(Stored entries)
lemma has_derivative_product_tower:
  assumes pr: "bounded_bilinear pr" and "derivative_tower Df" "derivative_tower Dg"
  shows "(product_tower pr Df Dg ws has_derivative (\<lambda>v. product_tower pr Df Dg (ws @ [v]) x)) (at x)"
  using assms(2,3)
proof (induction ws arbitrary: Df Dg)
  case Nil
  have "(Df [] has_derivative (\<lambda>v. Df [v] x)) (at x)" "(Dg [] has_derivative (\<lambda>v. Dg [v] x)) (at x)"
    using Nil unfolding derivative_tower_def by blast+
  from bounded_bilinear.FDERIV[OF pr this] show ?case
    by (simp add: add.commute)
next
  case (Cons w ws)
  have "(product_tower pr (\<lambda>us. Df (us @ [w])) Dg ws has_derivative
      (\<lambda>v. product_tower pr (\<lambda>us. Df (us @ [w])) Dg (ws @ [v]) x)) (at x)"
    by (rule Cons.IH[OF derivative_tower_append[OF Cons.prems(1)] Cons.prems(2)])
  moreover have "(product_tower pr Df (\<lambda>us. Dg (us @ [w])) ws has_derivative
      (\<lambda>v. product_tower pr Df (\<lambda>us. Dg (us @ [w])) (ws @ [v]) x)) (at x)"
    by (rule Cons.IH[OF Cons.prems(1) derivative_tower_append[OF Cons.prems(2)]])
  ultimately show ?case
    by (simp add: has_derivative_add)
qed

lemma derivative_tower_product_tower:
  assumes "bounded_bilinear pr" "derivative_tower Df" "derivative_tower Dg"
  shows "derivative_tower (\<lambda>vs. product_tower pr Df Dg (rev vs))"
  unfolding derivative_tower_def using has_derivative_product_tower[OF assms] by simp

lemma norm_product_tower_le:
  assumes K: "0 \<le> K" "\<And>u v. norm (pr u v) \<le> norm u * norm v * K"
    and "\<And>us. norm (Df us x) \<le> A * s ^ length us * prod_list (map norm us)"
    and "\<And>us. norm (Dg us x) \<le> C * t ^ length us * prod_list (map norm us)"
  shows "norm (product_tower pr Df Dg ws x) \<le> K * A * C * (s + t) ^ length ws * prod_list (map norm ws)"
  using assms(3,4)
proof (induction ws arbitrary: Df Dg A C)
  case Nil
  have "norm (Df [] x) \<le> A" "norm (Dg [] x) \<le> C"
    using Nil[of "[]"] by simp_all
  then have "norm (Df [] x) * norm (Dg [] x) * K \<le> A * C * K"
    using K(1) order_trans[OF norm_ge_zero] by (intro mult_right_mono mult_mono) auto
  then show ?case
    using K(2)[of "Df [] x" "Dg [] x"] by (simp add: ac_simps)
next
  case (Cons w ws)
  let ?P = "(s + t) ^ length ws * prod_list (map norm ws)"
  have "norm (product_tower pr (\<lambda>us. Df (us @ [w])) Dg ws x)
      \<le> K * (A * s * norm w) * C * (s + t) ^ length ws * prod_list (map norm ws)"
    by (rule Cons.IH) (use Cons.prems(1)[of "_ @ [w]"] Cons.prems(2) in \<open>simp_all add: ac_simps\<close>)
  moreover have "norm (product_tower pr Df (\<lambda>us. Dg (us @ [w])) ws x)
      \<le> K * A * (C * t * norm w) * (s + t) ^ length ws * prod_list (map norm ws)"
    by (rule Cons.IH) (use Cons.prems(2)[of "_ @ [w]"] Cons.prems(1) in \<open>simp_all add: ac_simps\<close>)
  ultimately have "norm (product_tower pr Df Dg (w # ws) x)
      \<le> K * (A * s * norm w) * C * ?P + K * A * (C * t * norm w) * ?P"
    by (auto simp: mult.assoc intro: order_trans[OF norm_triangle_ineq])
  then show ?case
    by (simp add: algebra_simps)
qed

text \<open>The factor \<open>1 ^ length us\<close> puts the bound in the shape required by
  \<open>norm_product_tower_le\<close>.\<close>
lemma norm_linear_tower_le:
  assumes "bounded_linear l" "\<And>v. norm (l v) \<le> norm v" "norm p \<le> \<rho>" "1 \<le> \<rho>"
  shows "norm (linear_tower l us p) \<le> \<rho> * 1 ^ length us * prod_list (map norm us)"
proof (cases us rule: remdups_adj.cases)
  case (2 v)
  then show ?thesis
    using assms(2)[of v] assms(4) order_trans[OF _ mult_right_mono[of 1 \<rho> "norm v"]] by force
next
  case (3 v w ws)
  then show ?thesis
    using assms(4) by (auto intro!: mult_nonneg_nonneg prod_list_nonneg)
qed (use assms order_trans in auto)

lemma eventually_norm_suminf_tail_le:
  fixes F :: "nat \<Rightarrow> 'i \<Rightarrow> 'b::banach"
  assumes M: "summable M" and F: "\<And>n i. i \<in> I \<Longrightarrow> norm (F n i) \<le> M n * c i"
    and c: "\<And>i. i \<in> I \<Longrightarrow> 0 \<le> c i" and e: "e > 0"
  shows "\<forall>\<^sub>F n in sequentially. \<forall>i\<in>I. norm ((\<Sum>m<n. F m i) - (\<Sum>m. F m i)) \<le> e * c i"
proof -
  have "\<forall>\<^sub>F n in sequentially. dist (\<Sum>m<n. M m) (suminf M) < e"
    using tendstoD[OF summable_LIMSEQ[OF M] e] .
  then show ?thesis
  proof (rule eventually_mono, intro ballI)
    fix n i assume n: "dist (\<Sum>m<n. M m) (suminf M) < e" and i: "i \<in> I"
    have MF: "summable (\<lambda>m. M (m + n) * c i)"
      using summable_ignore_initial_segment[OF M] by (rule summable_mult2)
    have "summable (\<lambda>m. F m i)"
      by (rule summable_comparison_test'[OF summable_mult2[OF M]]) (use F i in blast)
    then have "norm ((\<Sum>m<n. F m i) - (\<Sum>m. F m i)) = norm (\<Sum>m. F (m + n) i)"
      by (simp add: suminf_split_initial_segment[of _ n] norm_minus_commute)
    also have "\<dots> \<le> (\<Sum>m. M (m + n) * c i)"
      by (rule norm_suminf_le[OF _ MF]) (use F i in blast)
    also have "\<dots> = (suminf M - (\<Sum>m<n. M m)) * c i"
      by (simp add: suminf_mult2[OF summable_ignore_initial_segment[OF M], symmetric]
          suminf_split_initial_segment[OF M, of n])
    also have "\<dots> \<le> e * c i"
      using n c[OF i] by (intro mult_right_mono) (auto simp: dist_real_def)
    finally show "norm ((\<Sum>m<n. F m i) - (\<Sum>m. F m i)) \<le> e * c i" .
  qed
qed

lemma has_derivative_suminf_dominated:
  fixes F :: "nat \<Rightarrow> 'a::real_normed_vector \<Rightarrow> 'b::banach"
  assumes S: "open S" "convex S" "x \<in> S"
    and F: "\<And>n y. y \<in> S \<Longrightarrow> (F n has_derivative F' n y) (at y)"
    and M: "summable M" "\<And>n y h. y \<in> S \<Longrightarrow> norm (F' n y h) \<le> M n * norm h"
    and "summable (\<lambda>n. F n x)"
  shows "((\<lambda>y. \<Sum>n. F n y) has_derivative (\<lambda>h. \<Sum>n. F' n x h)) (at x)"
proof -
  have "\<exists>g. \<forall>y\<in>S. (\<lambda>n. F n y) sums g y \<and> (g has_derivative (\<lambda>h. \<Sum>n. F' n y h)) (at y within S)"
  proof (intro has_derivative_series summable_sums)
    show "\<forall>\<^sub>F n in sequentially. \<forall>y\<in>S. \<forall>h. norm ((\<Sum>i<n. F' i y h) - (\<Sum>n. F' n y h)) \<le> e * norm h"
      if "e > 0" for e
    proof -
      have "\<forall>\<^sub>F n in sequentially. \<forall>i\<in>S \<times> UNIV.
          norm ((\<Sum>m<n. F' m (fst i) (snd i)) - (\<Sum>m. F' m (fst i) (snd i))) \<le> e * norm (snd i)"
        by (rule eventually_norm_suminf_tail_le[OF M(1) _ _ that]) (auto simp: M(2))
      then show ?thesis
        by (rule eventually_mono) auto
    qed
  qed (use S F assms(7) in \<open>auto intro: has_derivative_at_withinI\<close>)
  then obtain g where g: "\<And>y. y \<in> S \<Longrightarrow> (\<lambda>n. F n y) sums g y"
    "(g has_derivative (\<lambda>h. \<Sum>n. F' n x h)) (at x within S)"
    using S(3) by blast
  have "(g has_derivative (\<lambda>h. \<Sum>n. F' n x h)) (at x)"
    using g(2) at_within_open[OF S(3,1)] by simp
  then show ?thesis
    by (rule has_derivative_transform_within_open[OF _ S(1,3)]) (use g(1) sums_unique in auto)
qed

lemma derivative_tower_suminf:
  fixes D :: "nat \<Rightarrow> 'a::real_normed_vector list \<Rightarrow> 'a \<Rightarrow> 'b::banach"
  assumes D: "\<And>n. derivative_tower (D n)"
    and bound: "\<And>R m. \<exists>M. summable M \<and>
      (\<forall>n x us. norm x \<le> R \<longrightarrow> length us = m \<longrightarrow> norm (D n us x) \<le> M n * prod_list (map norm us))"
  shows "derivative_tower (\<lambda>vs x. \<Sum>n. D n vs x)"
  unfolding derivative_tower_def
proof (intro allI)
  fix vs :: "'a list" and x :: 'a
  define P where "P = prod_list (map norm vs)"
  have ball: "norm y \<le> norm x + 1" if "y \<in> ball x 1" for y
    using that norm_triangle_sub[of y x] by (auto simp: dist_norm norm_minus_commute)
  obtain M0 where M0: "summable M0" "\<And>n. norm (D n vs x) \<le> M0 n * P"
    using bound[of "norm x + 1" "length vs"] unfolding P_def by force
  obtain M1 where M1: "summable M1"
    "\<And>n y us. y \<in> ball x 1 \<Longrightarrow> length us = Suc (length vs) \<Longrightarrow> norm (D n us y) \<le> M1 n * prod_list (map norm us)"
    using bound[of "norm x + 1" "Suc (length vs)"] ball by blast
  show "((\<lambda>x. \<Sum>n. D n vs x) has_derivative (\<lambda>h. \<Sum>n. D n (h # vs) x)) (at x)"
  proof (rule has_derivative_suminf_dominated[where S="ball x 1" and M="\<lambda>n. M1 n * P"])
    show "norm (D n (h # vs) y) \<le> M1 n * P * norm h" if "y \<in> ball x 1" for n y h
      using M1(2)[OF that, of "h # vs"] by (simp add: P_def ac_simps)
    show "summable (\<lambda>n. D n vs x)"
      by (rule summable_comparison_test'[OF summable_mult2[OF M0(1), of P]]) (use M0(2) in auto)
  qed (use D M1(1) in \<open>auto simp: derivative_tower_def intro: summable_mult2\<close>)
qed

lemma smooth_bounded_linear: "bounded_linear l \<Longrightarrow> smooth l"
  by (rule smoothI[OF derivative_tower_linear_tower]) simp_all

lemma smooth_compose_left:
  assumes "smooth g" "bounded_linear l" shows "smooth (\<lambda>x. l (g x))"
  using assms(1) by (rule smoothE) (auto intro: smoothI derivative_tower_compose_left[OF _ assms(2)])

lemma smooth_compose_right:
  assumes "smooth g" "bounded_linear l" shows "smooth (\<lambda>x. g (l x))"
  using assms(1) by (rule smoothE) (auto intro: smoothI derivative_tower_compose_right[OF _ assms(2)])

lemma smooth_sum:
  assumes "\<And>i. i \<in> I \<Longrightarrow> smooth (g i)" shows "smooth (\<lambda>x. \<Sum>i\<in>I. g i x)"
proof -
  obtain D where D: "\<And>i. i \<in> I \<Longrightarrow> derivative_tower (D i) \<and> D i [] = g i"
    using assms unfolding smooth_iff_derivative_tower by metis
  show ?thesis
    by (rule smoothI[OF derivative_tower_sum[of I D]]) (use D in auto)
qed

lemma smooth_add:
  assumes "smooth g" "smooth h" shows "smooth (\<lambda>x. g x + h x)"
proof -
  have "smooth (\<lambda>x. \<Sum>b\<in>UNIV. (if b then g else h) x)"
    by (rule smooth_sum) (use assms in auto)
  then show ?thesis
    by (simp add: UNIV_bool add.commute)
qed

lemma smooth_bounded_bilinear:
  assumes "bounded_bilinear pr" "smooth g" "smooth h" shows "smooth (\<lambda>x. pr (g x) (h x))"
proof -
  obtain Dg Dh where "derivative_tower Dg" "Dg [] = g" "derivative_tower Dh" "Dh [] = h"
    using assms(2,3) by (elim smoothE)
  then show ?thesis
    by (intro smoothI[OF derivative_tower_product_tower[OF assms(1)], of Dg Dh]) auto
qed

■ REQUIRED WORK:
An exact, complete copy of the lines above from the one with "ball by blast" through the one with "(\<lambda>x. g (l" is the whole answer.

■ RESULT OF THE TASK:
    using bound[of "norm x + 1" "Suc (length vs)"] ball by blast
  show "((\<lambda>x. \<Sum>n. D n vs x) has_derivative (\<lambda>h. \<Sum>n. D n (h # vs) x)) (at x)"
  proof (rule has_derivative_suminf_dominated[where S="ball x 1" and M="\<lambda>n. M1 n * P"])
    show "norm (D n (h # vs) y) \<le> M1 n * P * norm h" if "y \<in> ball x 1" for n y h
      using M1(2)[OF that, of "h # vs"] by (simp add: P_def ac_simps)
    show "summable (\<lambda>n. D n vs x)"
      by (rule summable_comparison_test'[OF summable_mult2[OF M0(1), of P]]) (use M0(2) in auto)
  qed (use D M1(1) in \<open>auto simp: derivative_tower_def intro: summable_mult2\<close>)
qed

lemma smooth_bounded_linear: "bounded_linear l \<Longrightarrow> smooth l"
  by (rule smoothI[OF derivative_tower_linear_tower]) simp_all

lemma smooth_compose_left:
  assumes "smooth g" "bounded_linear l" shows "smooth (\<lambda>x. l (g x))"
  using assms(1) by (rule smoothE) (auto intro: smoothI derivative_tower_compose_left[OF _ assms(2)])

lemma smooth_compose_right:
  assumes "smooth g" "bounded_linear l" shows "smooth (\<lambda>x. g (l x))"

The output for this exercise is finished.